Look for the word "simp" in the entries below, then copy every line that has it.

(Data for the task Opens)

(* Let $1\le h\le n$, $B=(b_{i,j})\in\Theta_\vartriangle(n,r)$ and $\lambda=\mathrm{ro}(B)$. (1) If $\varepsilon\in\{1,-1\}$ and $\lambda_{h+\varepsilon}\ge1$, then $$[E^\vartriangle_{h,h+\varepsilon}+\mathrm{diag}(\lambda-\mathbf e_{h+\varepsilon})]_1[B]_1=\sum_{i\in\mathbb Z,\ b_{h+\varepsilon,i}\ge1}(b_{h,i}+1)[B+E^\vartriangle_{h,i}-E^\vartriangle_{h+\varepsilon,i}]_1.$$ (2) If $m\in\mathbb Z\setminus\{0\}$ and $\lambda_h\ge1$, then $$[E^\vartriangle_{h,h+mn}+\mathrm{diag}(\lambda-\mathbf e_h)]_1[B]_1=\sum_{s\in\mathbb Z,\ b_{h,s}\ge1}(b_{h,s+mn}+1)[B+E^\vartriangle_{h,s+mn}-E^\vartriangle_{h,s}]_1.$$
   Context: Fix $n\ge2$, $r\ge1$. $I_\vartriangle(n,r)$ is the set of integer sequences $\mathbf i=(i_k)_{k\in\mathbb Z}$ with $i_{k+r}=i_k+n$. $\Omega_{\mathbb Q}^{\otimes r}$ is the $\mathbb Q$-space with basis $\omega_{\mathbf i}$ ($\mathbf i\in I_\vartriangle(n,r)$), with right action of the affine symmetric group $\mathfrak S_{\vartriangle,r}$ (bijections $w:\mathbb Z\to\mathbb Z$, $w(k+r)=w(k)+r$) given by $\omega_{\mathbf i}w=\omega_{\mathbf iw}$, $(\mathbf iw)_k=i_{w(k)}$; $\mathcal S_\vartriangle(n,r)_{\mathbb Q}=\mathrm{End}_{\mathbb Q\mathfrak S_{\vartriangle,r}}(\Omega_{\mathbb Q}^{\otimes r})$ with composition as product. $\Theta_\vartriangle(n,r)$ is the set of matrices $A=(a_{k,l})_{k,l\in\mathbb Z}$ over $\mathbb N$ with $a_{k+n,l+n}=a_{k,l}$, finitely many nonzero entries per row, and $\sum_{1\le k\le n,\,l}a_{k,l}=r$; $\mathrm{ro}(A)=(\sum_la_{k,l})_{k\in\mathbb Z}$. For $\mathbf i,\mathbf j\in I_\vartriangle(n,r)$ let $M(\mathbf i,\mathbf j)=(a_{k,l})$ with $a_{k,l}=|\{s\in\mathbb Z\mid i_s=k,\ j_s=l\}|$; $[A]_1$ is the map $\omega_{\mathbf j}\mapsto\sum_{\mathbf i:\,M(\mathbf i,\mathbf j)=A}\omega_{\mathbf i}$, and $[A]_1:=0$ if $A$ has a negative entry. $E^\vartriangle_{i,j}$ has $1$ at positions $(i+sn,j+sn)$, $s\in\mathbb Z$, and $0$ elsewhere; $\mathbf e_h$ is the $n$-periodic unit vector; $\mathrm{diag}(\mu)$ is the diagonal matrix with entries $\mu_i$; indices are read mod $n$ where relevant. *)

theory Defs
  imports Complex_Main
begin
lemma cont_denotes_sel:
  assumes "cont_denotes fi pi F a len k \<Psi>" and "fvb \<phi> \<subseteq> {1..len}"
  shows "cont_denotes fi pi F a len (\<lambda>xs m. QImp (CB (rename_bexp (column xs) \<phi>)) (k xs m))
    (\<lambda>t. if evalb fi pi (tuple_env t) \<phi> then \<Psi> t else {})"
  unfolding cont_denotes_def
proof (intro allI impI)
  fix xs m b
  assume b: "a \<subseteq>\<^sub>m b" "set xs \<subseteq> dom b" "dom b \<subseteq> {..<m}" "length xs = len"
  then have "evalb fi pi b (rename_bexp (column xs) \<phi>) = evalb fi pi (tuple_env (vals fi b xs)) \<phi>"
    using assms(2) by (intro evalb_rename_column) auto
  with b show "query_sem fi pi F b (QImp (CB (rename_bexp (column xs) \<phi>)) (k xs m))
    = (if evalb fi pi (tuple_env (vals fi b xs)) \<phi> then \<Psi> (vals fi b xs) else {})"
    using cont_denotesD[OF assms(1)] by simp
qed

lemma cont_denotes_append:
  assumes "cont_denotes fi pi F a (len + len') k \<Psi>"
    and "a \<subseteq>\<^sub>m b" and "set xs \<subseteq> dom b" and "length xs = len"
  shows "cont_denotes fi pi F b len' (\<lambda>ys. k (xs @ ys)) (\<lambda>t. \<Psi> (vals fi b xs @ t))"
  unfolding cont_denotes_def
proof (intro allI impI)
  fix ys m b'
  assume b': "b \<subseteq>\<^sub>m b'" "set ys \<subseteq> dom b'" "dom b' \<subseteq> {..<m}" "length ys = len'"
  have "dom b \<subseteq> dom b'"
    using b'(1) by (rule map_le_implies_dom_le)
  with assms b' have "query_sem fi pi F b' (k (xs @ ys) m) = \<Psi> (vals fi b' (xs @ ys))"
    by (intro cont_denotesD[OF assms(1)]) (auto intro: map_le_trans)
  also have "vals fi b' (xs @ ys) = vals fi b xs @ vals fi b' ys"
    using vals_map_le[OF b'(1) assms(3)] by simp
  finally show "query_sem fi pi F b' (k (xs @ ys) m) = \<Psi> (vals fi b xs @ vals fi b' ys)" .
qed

(Data for the task Closes)

Your response —
    using cont_denotesD[OF assms(1)] by simp
    using vals_map_le[OF b'(1) assms(3)] by simp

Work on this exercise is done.